» **DATA FOR REVIEW**:
(* Let $P_0=\mathcal N(0,1)$ and $P_1=\mathcal N(\theta,1)$ for some $\theta>0$, in the sparse support recovery problem described in the context. Let $\delta>0$ and let $m\ge2$ be an even integer. The Simple Sequential Thresholding procedure (described in the context) with inputs $\delta$ and $m$ satisfies $\mathbb{P}_e<\delta$ provided $$m>\frac{\log s+\log\log_2\left(\frac{2n}{\delta}\right)+\log\left(\frac1\delta\right)}{\theta^2/4}.$$
   Context: Setting: $\mathcal S\subset\{1,\dots,n\}$ is an unknown support set with $|\mathcal S|=s$. For each $i$, one can draw i.i.d. samples of $Y_i$, where $Y_i\sim P_0$ if $i\notin\mathcal S$ and $Y_i\sim P_1$ if $i\in\mathcal S$, all samples independent. Simple Sequential Thresholding with inputs $\delta>0$ and even integer $m\ge2$: set $\mathcal S_1=\{1,\dots,n\}$ and $K=\lceil\log_2(2n/\delta)\rceil$. For $k=1,\dots,K$: for each $i\in\mathcal S_k$, draw $m/2$ fresh samples of $Y_i$ and let $T_i$ be their sum; set $\mathcal S_{k+1}=\{i\in\mathcal S_k: T_i>0\}$. Output $\hat{\mathcal S}=\mathcal S_{K+1}$. $\mathbb{P}_e=\mathbb{P}(\hat{\mathcal S}\ne\mathcal S)$. *)

theory Defs
  imports "HOL-Probability.Probability"
begin

definition sst_rounds :: "nat \<Rightarrow> real \<Rightarrow> nat" where
  "sst_rounds n \<delta> = nat \<lceil>log 2 (2 * real n / \<delta>)\<rceil>"

text \<open>Simple Sequential Thresholding.  y i k j is the j-th fresh sample of Y_i drawn
  in round k (k = 1..K, j = 1..m/2).  sst_set n m y k is the set S_(k+1) after k rounds;
  sst_set n m y 0 = S_1 = {1..n}.\<close>
fun sst_set :: "nat \<Rightarrow> nat \<Rightarrow> (nat \<Rightarrow> nat \<Rightarrow> nat \<Rightarrow> real) \<Rightarrow> nat \<Rightarrow> nat set" where
  "sst_set n m y 0 = {1..n}"
| "sst_set n m y (Suc k) =
     {i \<in> sst_set n m y k. (\<Sum>j = 1..m div 2. y i (Suc k) j) > 0}"

definition sst_output :: "nat \<Rightarrow> nat \<Rightarrow> real \<Rightarrow> (nat \<Rightarrow> nat \<Rightarrow> nat \<Rightarrow> real) \<Rightarrow> nat set" where
  "sst_output n m \<delta> y = sst_set n m y (sst_rounds n \<delta>)"

end

theory Submission
  imports Defs
begin

text \<open>A coordinate is misclassified only if some round sum of a signal coordinate is
  nonpositive, or every round sum of a null coordinate is positive.  A round sum of \<open>m/2\<close>
  samples is \<open>N(m\<theta>/2, m/2)\<close> or \<open>N(0, m/2)\<close>.  Comparing the shifted density with the centred
  one on the negative half line bounds the first event by \<open>exp(-m\<theta>\<^sup>2/4)/2\<close> per round;
  independence of the rounds gives exactly \<open>2\<^sup>-\<^sup>K\<close> for the second.  The union bound yields
  \<open>P\<^sub>e \<le> s K exp(-m\<theta>\<^sup>2/4)/2 + (n - s) 2\<^sup>-\<^sup>K\<close>, which is below \<open>\<delta>\<close> for \<open>K = \<lceil>log\<^sub>2(2n/\<delta>)\<rceil>\<close>;
  the rounding \<open>f = K - log\<^sub>2(2n/\<delta>)\<close> is paid for by the convexity bound
  \<open>2\<^sup>-\<^sup>f \<le> 1 - f/2\<close> on the null term.\<close>

lemma normal_density_half_lines:
  assumes "0 < \<sigma>"
  shows "(\<integral>\<^sup>+x. ennreal (normal_density 0 \<sigma> x) * indicator {..0} x \<partial>lborel) = 1/2"
    and "(\<integral>\<^sup>+x. ennreal (normal_density 0 \<sigma> x) * indicator {0<..} x \<partial>lborel) = 1/2"
proof -
  define L where "L = (\<integral>\<^sup>+x. ennreal (normal_density 0 \<sigma> x) * indicator {..0} x \<partial>lborel)"
  define R where "R = (\<integral>\<^sup>+x. ennreal (normal_density 0 \<sigma> x) * indicator {0<..} x \<partial>lborel)"
  have "1 = (\<integral>\<^sup>+x. ennreal (normal_density 0 \<sigma> x) \<partial>lborel)"
    using assms by (subst nn_integral_eq_integral) auto
  also have "\<dots> = (\<integral>\<^sup>+x. ennreal (normal_density 0 \<sigma> x) * indicator {..0} x
                      + ennreal (normal_density 0 \<sigma> x) * indicator {0<..} x \<partial>lborel)"
    by (intro nn_integral_cong) (auto simp: indicator_def)
  also have "\<dots> = L + R"
    unfolding L_def R_def by (intro nn_integral_add) auto
  finally have total: "L + R = 1" ..
  have "L = (\<integral>\<^sup>+x. ennreal (normal_density 0 \<sigma> (0 + -1 * x)) * indicator {..0} (0 + -1 * x) \<partial>lborel)"
    unfolding L_def by (subst nn_integral_real_affine[of _ "-1" 0]) auto
  also have "\<dots> = (\<integral>\<^sup>+x. ennreal (normal_density 0 \<sigma> x) * indicator {0..} x \<partial>lborel)"
    by (intro nn_integral_cong) (simp add: normal_density_def indicator_def)
  also have "\<dots> = R"
    unfolding R_def using AE_lborel_singleton[of 0]
    by (intro nn_integral_cong_AE) (auto elim!: eventually_mono simp: indicator_def)
  finally have "L = R" .
  with total have "2 * L = 1"
    by (simp add: mult_2)
  then have "L = 1/2"
    using mult_divide_eq_ennreal[of 2 L] by (simp add: mult.commute)
  with \<open>L = R\<close> show "L = 1/2" "R = 1/2" by auto
qed

lemma normal_density_le_exp_mult_centered:
  assumes "x \<le> 0" and "0 \<le> \<mu>"
  shows "normal_density \<mu> \<sigma> x \<le> exp (- \<mu>\<^sup>2 / (2 * \<sigma>\<^sup>2)) * normal_density 0 \<sigma> x"
proof -
  have "x\<^sup>2 + \<mu>\<^sup>2 \<le> (x - \<mu>)\<^sup>2"
    using assms by (simp add: power2_eq_square algebra_simps mult_nonneg_nonpos)
  then have "- (x - \<mu>)\<^sup>2 / (2 * \<sigma>\<^sup>2) \<le> - \<mu>\<^sup>2 / (2 * \<sigma>\<^sup>2) + - x\<^sup>2 / (2 * \<sigma>\<^sup>2)"
    by (simp add: divide_simps)
  then have "exp (- (x - \<mu>)\<^sup>2 / (2 * \<sigma>\<^sup>2)) \<le> exp (- \<mu>\<^sup>2 / (2 * \<sigma>\<^sup>2)) * exp (- x\<^sup>2 / (2 * \<sigma>\<^sup>2))"
    by (simp add: exp_add[symmetric])
  then show ?thesis
    unfolding normal_density_def by (simp add: divide_right_mono)
qed
definition delta :: "('n::finite) cmat \<Rightarrow> (('n::finite) cmat \<Rightarrow> complex)" where
  "delta s = (\<lambda>w. if w = s then 1 else 0)"

inductive_set lie_H :: "('n::finite) cmat set \<Rightarrow> (('n::finite) cmat \<Rightarrow> complex) set" for W where
  H_gen: "s \<in> reflections W \<Longrightarrow> delta s \<in> lie_H W"
| H_zero: "(\<lambda>w. 0) \<in> lie_H W"
| H_add: "x \<in> lie_H W \<Longrightarrow> y \<in> lie_H W \<Longrightarrow> (\<lambda>w. x w + y w) \<in> lie_H W"
| H_smult: "x \<in> lie_H W \<Longrightarrow> (\<lambda>w. c * x w) \<in> lie_H W"
| H_bracket: "x \<in> lie_H W \<Longrightarrow> y \<in> lie_H W \<Longrightarrow> gbracket W x y \<in> lie_H W"

inductive_set lie_H' :: "('n::finite) cmat set \<Rightarrow> (('n::finite) cmat \<Rightarrow> complex) set" for W where
  H'_bracket: "x \<in> lie_H W \<Longrightarrow> y \<in> lie_H W \<Longrightarrow> gbracket W x y \<in> lie_H' W"
| H'_zero: "(\<lambda>w. 0) \<in> lie_H' W"
| H'_add: "x \<in> lie_H' W \<Longrightarrow> y \<in> lie_H' W \<Longrightarrow> (\<lambda>w. x w + y w) \<in> lie_H' W"
| H'_smult: "x \<in> lie_H' W \<Longrightarrow> (\<lambda>w. c * x w) \<in> lie_H' W"

text \<open>Linear extension to CW of the representation R \<otimes> \<eta>, w \<mapsto> \<eta>(w) R(w).\<close>
definition tensor_ext :: "('n::finite) cmat set \<Rightarrow> (('n::finite) cmat \<Rightarrow> ('m::finite) cmat) \<Rightarrow> (('n::finite) cmat \<Rightarrow> complex)
    \<Rightarrow> (('n::finite) cmat \<Rightarrow> complex) \<Rightarrow> ('m::finite) cmat" where
  "tensor_ext W R \<eta> f = (\<Sum>w\<in>W. (\<chi> i j. f w * \<eta> w * R w $ i $ j))"

definition sl :: "('m::finite) cmat set" where
  "sl = {A. trace A = 0}"

end

theory Submission
  imports Defs
begin

(*
  For the reflections s with R s \<noteq> 1 write R s = 1 - 2 p_s with p_s = v_s \<phi>_s^T a rank-one
  idempotent.  Since (R \<otimes> \<eta>)(s) = \<eta>(s) (1 - 2 p_s), the image K of H' is a subspace of sl(V_R)
  that is stable under ad p_s and contains every [p_s, p_t]; it equals sl(V_R) as soon as every Y
  orthogonal to K for the trace form is scalar.  Such a Y stays orthogonal under ad p_s, hence so do
  its rank-one compressions p_s Y (1 - p_s) = v_s \<psi>^T and (1 - p_s) Y p_s = w \<phi>_s^T.  Pairing
  them with the brackets [p_s, p_t] spreads this orthogonality from s to every t with
  \<phi>_t(v_s) \<noteq> 0 (resp. \<phi>_s(v_t) \<noteq> 0), and irreducibility of V_R under the p_s makes it spread
  far enough to force \<psi> = 0 and w = 0.  So Y commutes with every p_s and is scalar by Schur's lemma.
*)

section \<open>Rank-one matrices and the trace form\<close>

definition cdot :: "complex^'m \<Rightarrow> complex^'m \<Rightarrow> complex" where
  "cdot a x = (\<Sum>i\<in>UNIV. a$i * x$i)"

definition outer :: "complex^'m \<Rightarrow> complex^'m \<Rightarrow> complex^'m^'m" where
  "outer v a = (\<chi> i j. v$i * a$j)"

definition cscale :: "complex \<Rightarrow> complex^'m^'m \<Rightarrow> complex^'m^'m" where
  "cscale c A = (\<chi> i j. c * A$i$j)"

definition mbracket :: "complex^'m^'m \<Rightarrow> complex^'m^'m \<Rightarrow> complex^'m^'m" where
  "mbracket A B = A ** B - B ** A"

definition cmat_subspace :: "(complex^'m^'m) set \<Rightarrow> bool" where
  "cmat_subspace K \<longleftrightarrow> 0 \<in> K \<and> (\<forall>X\<in>K. \<forall>Y\<in>K. X + Y \<in> K) \<and> (\<forall>c. \<forall>X\<in>K. cscale c X \<in> K)"

definition trace_annihilator :: "(complex^'m^'m) set \<Rightarrow> (complex^'m^'m) set" where
  "trace_annihilator K = {Y. \<forall>X\<in>K. trace (Y ** X) = 0}"

lemma cscale_component [simp]: "cscale c A $ i $ j = c * A$i$j"
  by (simp add: cscale_def)

lemma outer_component [simp]: "outer v a $ i $ j = v$i * a$j"
  by (simp add: outer_def)

lemma matrix_matrix_mult_component: "(A ** B) $ i $ j = (\<Sum>k\<in>UNIV. A$i$k * B$k$j)"
  by (simp add: matrix_matrix_mult_def)

lemma outer_mult_outer: "outer u a ** outer v b = cscale (cdot a v) (outer u b)"
  by (simp add: vec_eq_iff matrix_matrix_mult_component cdot_def sum_distrib_left sum_distrib_right
      mult_ac)

lemma cscale_cscale [simp]: "cscale a (cscale b A) = cscale (a * b) A"
  by (simp add: vec_eq_iff)

lemma cscale_one [simp]: "cscale 1 A = A"
  by (simp add: vec_eq_iff)

lemma cscale_left_zero [simp]: "cscale 0 A = 0"
  by (simp add: vec_eq_iff)

lemma cscale_mult_left: "cscale c A ** B = cscale c (A ** B)"
  by (simp add: vec_eq_iff matrix_matrix_mult_component sum_distrib_left algebra_simps)

lemma cscale_mult_right: "A ** cscale c B = cscale c (A ** B)"
  by (simp add: vec_eq_iff matrix_matrix_mult_component sum_distrib_left algebra_simps)

lemma cscale_matrix_vector_mult: "cscale c A *v x = c *s (A *v x)"
  by (simp add: vec_eq_iff matrix_vector_mult_def sum_distrib_left algebra_simps)

lemma mat_matrix_vector_mult: "mat c *v (x::complex^'m) = c *s x"
  by (simp add: vec_eq_iff matrix_vector_mult_def mat_def if_distrib[of "\<lambda>y. y * _"] cong: if_cong)

lemma trace_cscale: "trace (cscale c A) = c * trace A"
  by (simp add: trace_def sum_distrib_left)

lemma matrix_mult_diff_left: "(A::complex^'m^'m) ** (B - C) = A ** B - A ** C"
  by (simp add: vec_eq_iff matrix_matrix_mult_component algebra_simps sum_subtractf)

lemma matrix_mult_diff_right: "((A::complex^'m^'m) - B) ** C = A ** C - B ** C"
  by (simp add: vec_eq_iff matrix_matrix_mult_component algebra_simps sum_subtractf)

lemma matrix_mult_add_right: "((A::complex^'m^'m) + B) ** C = A ** C + B ** C"
  by (simp add: vec_eq_iff matrix_matrix_mult_component algebra_simps sum.distrib)

lemma trace_uminus: "trace (- A) = - trace (A::complex^'m^'m)"
  by (simp add: trace_def sum_negf)

lemma cscale_cancel:
  assumes "cmat_subspace K" and "cscale c A \<in> K" and "c \<noteq> 0"
  shows "A \<in> K"
proof -
  have "cscale (inverse c) (cscale c A) \<in> K"
    using assms(1,2) unfolding cmat_subspace_def by blast
  then show ?thesis
    using assms(3) by simp
qed

lemma cmat_subspace_diff:
  assumes "cmat_subspace K" "X \<in> K" "Y \<in> K"
  shows "X - Y \<in> K"
proof -
  have "X + cscale (-1) Y \<in> K"
    using assms by (simp add: cmat_subspace_def)
  moreover have "X + cscale (-1) Y = X - Y"
    by (simp add: vec_eq_iff)
  ultimately show ?thesis
    by simp
qed

lemma cmat_subspace_trace_annihilator: "cmat_subspace (trace_annihilator K)"
  by (simp add: cmat_subspace_def trace_annihilator_def matrix_mult_add_right trace_add
      cscale_mult_left trace_cscale) (simp add: trace_def)

lemma trace_mbracket: "trace (mbracket A B) = 0"
  by (simp add: mbracket_def trace_sub trace_mul_sym[of A B])

lemma mbracket_scaled_reflection_left:
  "mbracket (cscale e (mat 1 - cscale 2 A)) X = cscale (-2 * e) (mbracket A X)"
  by (simp add: mbracket_def cscale_mult_left cscale_mult_right matrix_mult_diff_left
      matrix_mult_diff_right) (simp add: vec_eq_iff algebra_simps)

lemma mbracket_scaled_reflection_right:
  "mbracket X (cscale e (mat 1 - cscale 2 A)) = cscale (-2 * e) (mbracket X A)"
  by (simp add: mbracket_def cscale_mult_left cscale_mult_right matrix_mult_diff_left
      matrix_mult_diff_right) (simp add: vec_eq_iff algebra_simps)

» **PROBLEM DESCRIPTION**:
Show every line of the records above that contains the word "finite".

» **FINAL ANSWER**:
definition delta :: "('n::finite) cmat \<Rightarrow> (('n::finite) cmat \<Rightarrow> complex)" where
inductive_set lie_H :: "('n::finite) cmat set \<Rightarrow> (('n::finite) cmat \<Rightarrow> complex) set" for W where
inductive_set lie_H' :: "('n::finite) cmat set \<Rightarrow> (('n::finite) cmat \<Rightarrow> complex) set" for W where
definition tensor_ext :: "('n::finite) cmat set \<Rightarrow> (('n::finite) cmat \<Rightarrow> ('m::finite) cmat) \<Rightarrow> (('n::finite) cmat \<Rightarrow> complex)
    \<Rightarrow> (('n::finite) cmat \<Rightarrow> complex) \<Rightarrow> ('m::finite) cmat" where
definition sl :: "('m::finite) cmat set" where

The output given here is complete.